Interpretation – split decision on meaning of “so far as possible” in document regulating realization and the payment of assets in informal winding up
The “Security Trust Deed” of a “Structured Investment Vehicle” provided that during the realization period the security trustee should “so far as possible” discharge on the due dates therefor any short term liabilities falling due for payment during such period, using cash or other realizable or maturing assets of the issuer (the SIV).
A single short term liability which became due during the realization period exceeded all realizable assets.
Literal application of the quoted provision would result in one secured creditor being paid in full and all the other (substantial) secured creditors receiving nothing.
The most prominent interpretations were:-
- the literal interpretation;
- that the directive to pay short term liabilities when they fell due, qualified by the expression “so far as possible”, meant taking into account the imperative found elsewhere in the document to share the assets among the creditors, pro rata.
Sales J (at first instance), Lloyd and Rimer LJJ in the Court of Appeal and Lord Walker in the Supreme Court favoured the literal interpretation.
Lord Neuberger in the Court of Appeal and Lords Mance, Hope, Scott and Collins in the Supreme Court favoured the second approach.
The division between the judges followed a similar pattern to that in Chartbrook v Persimmon: a literal approach adopted by the judge at first instance; his judgment confirmed in the Court of Appeal but with a strong dissent then adopted by the majority in the House of Lords/Supreme Court.

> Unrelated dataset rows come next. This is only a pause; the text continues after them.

(* Let $N=\{1,\dots,n\}$, $n\ge2$, be a parallel-link network with unit demand and affine latencies $\ell_i(x_i)=a_ix_i+b_i$, $a_i>0$, $b_i\ge0$, and suppose $x_i(0)>0$ for all $i\in N$. Let $c\in\mathbb{R}_+$. For $t\in\mathbb{R}^N_+$ and a flow $x$, we have that $t\in\mathcal{T}(c)$ and $x=x(t)$ if and only if there exists $K\in\mathbb{R}$ such that (1) $a_ix_i+b_i+t_i=K$ for all $i\in N$; (2) $\sum_{i\in N}x_i=1$; (3) $t_i=\min\left\{\left(a_i+\frac{1}{\sum_{j\neq i}1/a_j}\right)x_i,\;c\right\}$ for all $i\in N$; (4) $x_i>0$ for all $i\in N$.
   Context: Parallel links $N$ from source to destination, one unit of flow; a flow is $x\in\mathbb{R}^N_+$ with $\sum_ix_i=1$. For tolls $t\in\mathbb{R}^N_+$, $x(t)$ denotes the unique Wardrop equilibrium for $t$: for all $i,j$ with $x_i>0$, $\ell_i(x_i)+t_i\le \ell_j(x_j)+t_j$; $x(0)$ is the untolled one. Profit $\Pi_i(t)=t_ix_i(t)$. $\mathcal{T}(c)$ is the set of $c$-capped subgame perfect Nash equilibria: toll vectors $t$ with $0\le t_i\le c$ for all $i$ such that for every $i$ and every $t'_i\in[0,c]$, $\Pi_i(t_i,t_{-i})\ge\Pi_i(t'_i,t_{-i})$ (flow recomputed as the Wardrop equilibrium). *)

theory Defs
  imports Complex_Main
begin

text \<open>Flows and tolls are functions nat => real; only their values on {1..n} matter
  (flows are normalised to 0 outside N so that the equilibrium is unique as a function).\<close>

definition is_flow :: "nat \<Rightarrow> (nat \<Rightarrow> real) \<Rightarrow> bool" where
  "is_flow n x \<longleftrightarrow> (\<forall>i\<in>{1..n}. 0 \<le> x i) \<and> (\<Sum>i\<in>{1..n}. x i) = 1"

definition wardrop ::
  "nat \<Rightarrow> (nat \<Rightarrow> real) \<Rightarrow> (nat \<Rightarrow> real) \<Rightarrow> (nat \<Rightarrow> real) \<Rightarrow> (nat \<Rightarrow> real) \<Rightarrow> bool" where
  "wardrop n a b t x \<longleftrightarrow> is_flow n x \<and> (\<forall>i. i \<notin> {1..n} \<longrightarrow> x i = 0) \<and>
     (\<forall>i\<in>{1..n}. \<forall>j\<in>{1..n}. x i > 0 \<longrightarrow>
        a i * x i + b i + t i \<le> a j * x j + b j + t j)"

definition eqflow ::
  "nat \<Rightarrow> (nat \<Rightarrow> real) \<Rightarrow> (nat \<Rightarrow> real) \<Rightarrow> (nat \<Rightarrow> real) \<Rightarrow> (nat \<Rightarrow> real)" where
  "eqflow n a b t = (THE x. wardrop n a b t x)"

definition profit ::
  "nat \<Rightarrow> (nat \<Rightarrow> real) \<Rightarrow> (nat \<Rightarrow> real) \<Rightarrow> (nat \<Rightarrow> real) \<Rightarrow> nat \<Rightarrow> real" where
  "profit n a b t i = t i * eqflow n a b t i"

definition capped_SPNE ::
  "nat \<Rightarrow> (nat \<Rightarrow> real) \<Rightarrow> (nat \<Rightarrow> real) \<Rightarrow> real \<Rightarrow> (nat \<Rightarrow> real) set" where
  "capped_SPNE n a b c = {t. (\<forall>i\<in>{1..n}. 0 \<le> t i \<and> t i \<le> c) \<and>
      (\<forall>i\<in>{1..n}. \<forall>t'\<in>{0..c}. profit n a b t i \<ge> profit n a b (t(i := t')) i)}"

end

theory Submission
  imports Defs
begin

text \<open>Wardrop equilibria of a parallel network with affine latencies are water-fillings at a
  common cost level, hence unique. If all links are used and link \<open>i\<close> raises its toll by \<open>d\<close>,
  the other links absorb at most their linear share of the displaced flow, so \<open>x\<^sub>i\<close> drops by at least
  \<open>d / \<alpha>\<^sub>i\<close>, where \<open>\<alpha>\<^sub>i = demand_slope n a i\<close>, with equality for small \<open>d\<close>. Thus the profit of
  link \<open>i\<close> is bounded by the concave quadratic \<open>(t\<^sub>i + d) (x\<^sub>i - d / \<alpha>\<^sub>i)\<close>, attained near \<open>d = 0\<close>;
  its maximiser over \<open>[0, c]\<close> gives the toll \<open>min (\<alpha>\<^sub>i x\<^sub>i) c\<close> in both directions. At an
  equilibrium every link is used: tolls only raise the cost level above the untolled one, which
  exceeds every \<open>b\<^sub>i\<close>, so an unused link could earn a positive profit with a small toll.\<close>

definition water_level ::
  "nat \<Rightarrow> (nat \<Rightarrow> real) \<Rightarrow> (nat \<Rightarrow> real) \<Rightarrow> (nat \<Rightarrow> real) \<Rightarrow> real \<Rightarrow> (nat \<Rightarrow> real) \<Rightarrow> bool"
  where "water_level n a b t K x \<longleftrightarrow> (\<forall>i\<in>{1..n}. x i = max 0 ((K - b i - t i) / a i))"

lemma water_level_nonneg:
  "water_level n a b t K x \<Longrightarrow> i \<in> {1..n} \<Longrightarrow> 0 \<le> x i"
  by (simp add: water_level_def)

lemma water_level_lower:
  "water_level n a b t K x \<Longrightarrow> i \<in> {1..n} \<Longrightarrow> (K - b i - t i) / a i \<le> x i"
  by (simp add: water_level_def)

lemma water_level_cost:
  assumes "water_level n a b t K x" "i \<in> {1..n}" "0 < a i" "0 < x i"
  shows "a i * x i + b i + t i = K"
proof -
  have "x i = (K - b i - t i) / a i"
    using assms by (auto simp: water_level_def max_def split: if_splits)
  with \<open>0 < a i\<close> show ?thesis by (simp add: field_simps)
qed

lemma water_level_unused:
  assumes "water_level n a b t K x" "i \<in> {1..n}" "0 < a i" "\<not> 0 < x i"
  shows "K \<le> b i + t i"
proof -
  have "(K - b i - t i) / a i \<le> 0"
    using assms water_level_lower[OF assms(1,2)] by linarith
  with \<open>0 < a i\<close> show ?thesis by (simp add: divide_le_0_iff)
qed

lemma water_level_of_costs:
  assumes "\<forall>i\<in>{1..n}. 0 < a i" "\<forall>i\<in>{1..n}. a i * x i + b i + t i = K" "\<forall>i\<in>{1..n}. 0 \<le> x i"
  shows "water_level n a b t K x"
  unfolding water_level_def
proof
  fix i assume i: "i \<in> {1..n}"
  have "x i = (K - b i - t i) / a i"
    using bspec[OF assms(1) i] bspec[OF assms(2) i] by (auto simp: field_simps)
  with bspec[OF assms(3) i] show "x i = max 0 ((K - b i - t i) / a i)" by simp
qed

lemma wardrop_imp_water_level:
  assumes a: "\<forall>i\<in>{1..n}. 0 < a i" and w: "wardrop n a b t x"
  shows "\<exists>K. water_level n a b t K x"
proof -
  have nonneg: "\<forall>i\<in>{1..n}. 0 \<le> x i" and sum: "(\<Sum>i\<in>{1..n}. x i) = 1"
    and cond: "\<forall>i\<in>{1..n}. \<forall>j\<in>{1..n}. 0 < x i \<longrightarrow> a i * x i + b i + t i \<le> a j * x j + b j + t j"
    using w by (auto simp: wardrop_def is_flow_def)
  obtain i0 where i0: "i0 \<in> {1..n}" "0 < x i0"
    using sum sum_nonpos[of "{1..n}" x] by (metis not_le zero_less_one)
  define K where "K = a i0 * x i0 + b i0 + t i0"
  have "x i = max 0 ((K - b i - t i) / a i)" if i: "i \<in> {1..n}" for i
  proof (cases "0 < x i")
    case True
    then have "a i * x i + b i + t i = K"
      using cond i i0 unfolding K_def by (meson order_antisym)
    with True bspec[OF a i] show ?thesis by (auto simp: field_simps)
  next
    case False
    then have "x i = 0" using nonneg i by force
    moreover have "K \<le> b i + t i" using cond i i0 \<open>x i = 0\<close> unfolding K_def by force
    ultimately show ?thesis using bspec[OF a i] by (simp add: divide_nonpos_pos)
  qed
  then show ?thesis unfolding water_level_def by blast
qed

lemma water_level_imp_wardrop:
  assumes a: "\<forall>i\<in>{1..n}. 0 < a i" and w: "water_level n a b t K x"
    and sum: "(\<Sum>i\<in>{1..n}. x i) = 1" and outside: "\<forall>i. i \<notin> {1..n} \<longrightarrow> x i = 0"
  shows "wardrop n a b t x"
proof -
  have "a i * x i + b i + t i \<le> a j * x j + b j + t j"
    if i: "i \<in> {1..n}" and j: "j \<in> {1..n}" and pos: "0 < x i" for i j
  proof -
    have "a i * x i + b i + t i = K" using water_level_cost[OF w i _ pos] a i by blast
    moreover have "K - b j - t j \<le> a j * x j"
      using water_level_lower[OF w j] a j by (simp add: divide_le_eq mult.commute)
    ultimately show ?thesis by linarith
  qed
  then show ?thesis
    using water_level_nonneg[OF w] sum outside by (auto simp: wardrop_def is_flow_def)
qed

lemma water_level_comparison:
  assumes a: "\<forall>i\<in>{1..n}. 0 < a i"
    and x: "water_level n a b t K x" "(\<Sum>i\<in>{1..n}. x i) = 1"
    and y: "water_level n a b s L y" "(\<Sum>i\<in>{1..n}. y i) = 1"
  shows "\<exists>j\<in>{1..n}. 0 < y j \<and> K - t j \<le> L - s j"
proof (rule ccontr)
  assume "\<not> ?thesis"
  then have drop: "L - s j < K - t j" if "j \<in> {1..n}" "0 < y j" for j
    using that by force
  have less: "y j < x j" if j: "j \<in> {1..n}" and pos: "0 < y j" for j
  proof -
    have "y j = (L - b j - s j) / a j"
      using y(1) j pos by (auto simp: water_level_def max_def split: if_splits)
    also have "\<dots> < (K - b j - t j) / a j"
      using drop[OF j pos] a j by (intro divide_strict_right_mono) auto
    also have "\<dots> \<le> x j" by (rule water_level_lower[OF x(1) j])
    finally show ?thesis .
  qed
  have "y j \<le> x j" if j: "j \<in> {1..n}" for j
    using less[OF j] water_level_nonneg[OF x(1) j] water_level_nonneg[OF y(1) j]
    by (cases "0 < y j") auto
  moreover obtain j where j: "j \<in> {1..n}" "0 < y j"
    using y(2) sum_nonpos[of "{1..n}" y] by (metis not_le zero_less_one)
  then have "\<exists>j\<in>{1..n}. y j < x j" using less by blast
  ultimately have "(\<Sum>i\<in>{1..n}. y i) < (\<Sum>i\<in>{1..n}. x i)"
    by (intro sum_strict_mono_ex1) auto
  with x(2) y(2) show False by simp
qed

The following illuminating passages appear in the judgment of Lord Neuberger:-
“98 Taking the provision on its own, there is considerable attraction in the judge’s view that the more natural meaning of the phrase is meaning (a) or (b). However, the provision must, of course, be construed not merely by reference to the language used, but also in its documentary and commercial contexts. Ms Prevezer Q.C., for party D, suggested that it was illegitimate to start by considering the effect of the language of the provision on its own. However, while one is seeking to interpret the document as a whole, the ultimate issue between the parties turns on the meaning of the provision, and, in order to resolve the issue, the reasoning and analysis have to start somewhere. The natural, indeed, I would have thought, the inevitable, point of departure is the language of the provision itself. However, where the interpretation of a word or phrase is in dispute, the resolution of that dispute will normally involve something of an *418 iterative process, namely checking each of the rival meanings against the other provisions of the document and investigating its commercial consequences.

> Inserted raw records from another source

(*
  Let n = |c| and u = -c/n.  Conjugation by diag(u, 1) turns the standard part into the real
  symmetric matrix [[a, -n], [-n, b]], whose eigenvectors (n, a - l_i)/s_i are the columns of a
  real orthogonal matrix R; so U = diag(u, 1) R is unitary and diagonalizes the standard part.
  For the dual part write V = I + E eps.  Because eps^2 = 0, conjugating Q by U V gives
  diag(l1, l2) + (W + E^* diag(l1, l2) + diag(l1, l2) E) eps, and since l1 <> l2 a
  skew-Hermitian E cancels the off-diagonal entries of W; a skew-Hermitian E also makes
  I + E eps unitary.
*)

lemma qcnj_mult [simp]: "qcnj (p * q) = qcnj q * qcnj p"
  and qcnj_add [simp]: "qcnj (p + q) = qcnj p + qcnj q"
  and qcnj_uminus [simp]: "qcnj (- p) = - qcnj p"
  and qcnj_scaleR [simp]: "qcnj (r *\<^sub>R p) = r *\<^sub>R qcnj p"
  and qcnj_of_real [simp]: "qcnj (of_real r) = of_real r"
  and qcnj_qcnj [simp]: "qcnj (qcnj p) = p"
  and qcnj_zero [simp]: "qcnj 0 = 0"
  and qcnj_one [simp]: "qcnj 1 = 1"
  by (simp_all add: quat_eq_iff of_real_def)

lemma Re_of_real [simp]: "Re (of_real r) = r"
  by (simp add: of_real_def)

lemma qcnj_sum: "qcnj (sum f S) = (\<Sum>i\<in>S. qcnj (f i))"
  by (induction S rule: infinite_finite_induct) auto

lemma qcnj_mult_self: "qcnj q * q = of_real (Re (qcnj q * q))"
  and mult_qcnj_self: "q * qcnj q = qcnj q * q"
  by (simp_all add: quat_eq_iff of_real_def algebra_simps)

lemma Re_qcnj_mult_self_pos:
  assumes "q \<noteq> 0"
  shows "0 < Re (qcnj q * q)"
proof -
  have "Re q \<noteq> 0 \<or> Im1 q \<noteq> 0 \<or> Im2 q \<noteq> 0 \<or> Im3 q \<noteq> 0"
    using assms by (auto simp: quat_eq_iff)
  then show ?thesis
    by (auto simp: add_pos_nonneg add_nonneg_pos simp flip: power2_eq_square)
qed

99 Most words, and a fortiori, most phrases, can have more than one meaning, or at least different shades of meaning. This is certainly true, for instance, of the word “possible”, which can, for instance, mean physically achievable or legally permissible, to give two relevant examples. However, to consider what words could mean in abstract is not normally a helpful exercise. What one has to do, when assessing each rival interpretation, is to ask whether the words at issue are capable of having the meaning contended for, but even that question cannot be judged free of the documentary and commercial context. The more a particular interpretation, which accords well with the words in question judged on their own, produces a commercially improbable result and is hard to reconcile with other provisions in the document, the more ready the court will be to give the words another, perhaps linguistically more strained, interpretation, if that other interpretation complies with the other provisions and commercial reality.
100 The argument that the STD is a long and carefully drafted document is one which weighed with the judge, but I am bound to say that it does not seem to me to take matters much further. It is certainly a full document, but it does not strike me as particularly carefully (or, it is fair to say, particularly carelessly) drafted. Documents such as the STD are prepared in many different ways. They often have provisions lifted (sometimes with bespoke amendments) from other documents; they often have different provisions drafted inserted or added to by different lawyers at different times; they often include last-minute amendments agreed in a hurry, frequently in the small hours of the morning after intensive negotiations, with a view to achieving finality rather than clarity; indeed, often the skill of the drafting lawyer is in producing obscurity, rather than clarity, so that two inconsistent interests can feel satisfied with the result. If there is subsequent disagreement as to the effect of the document, then other lawyers then have to do their best to determine what, in all the circumstances, the document means.
101 Further, I do not think it is normally convincing to argue that, if the parties had meant a phrase to have a particular effect, they would have made the point in different or clearer terms. That is a game which all parties can normally play on issues of interpretation. Save in relatively rare circumstances (e.g. where the document concerned contains a provision elsewhere in different words which has the effect contended for by one of the parties), it does not take matters further. Of course, if the argument amounts to saying that a particular meaning is not one the phrase naturally bears, that is fair enough, but, in that case, it is normally an old argument in new clothes.”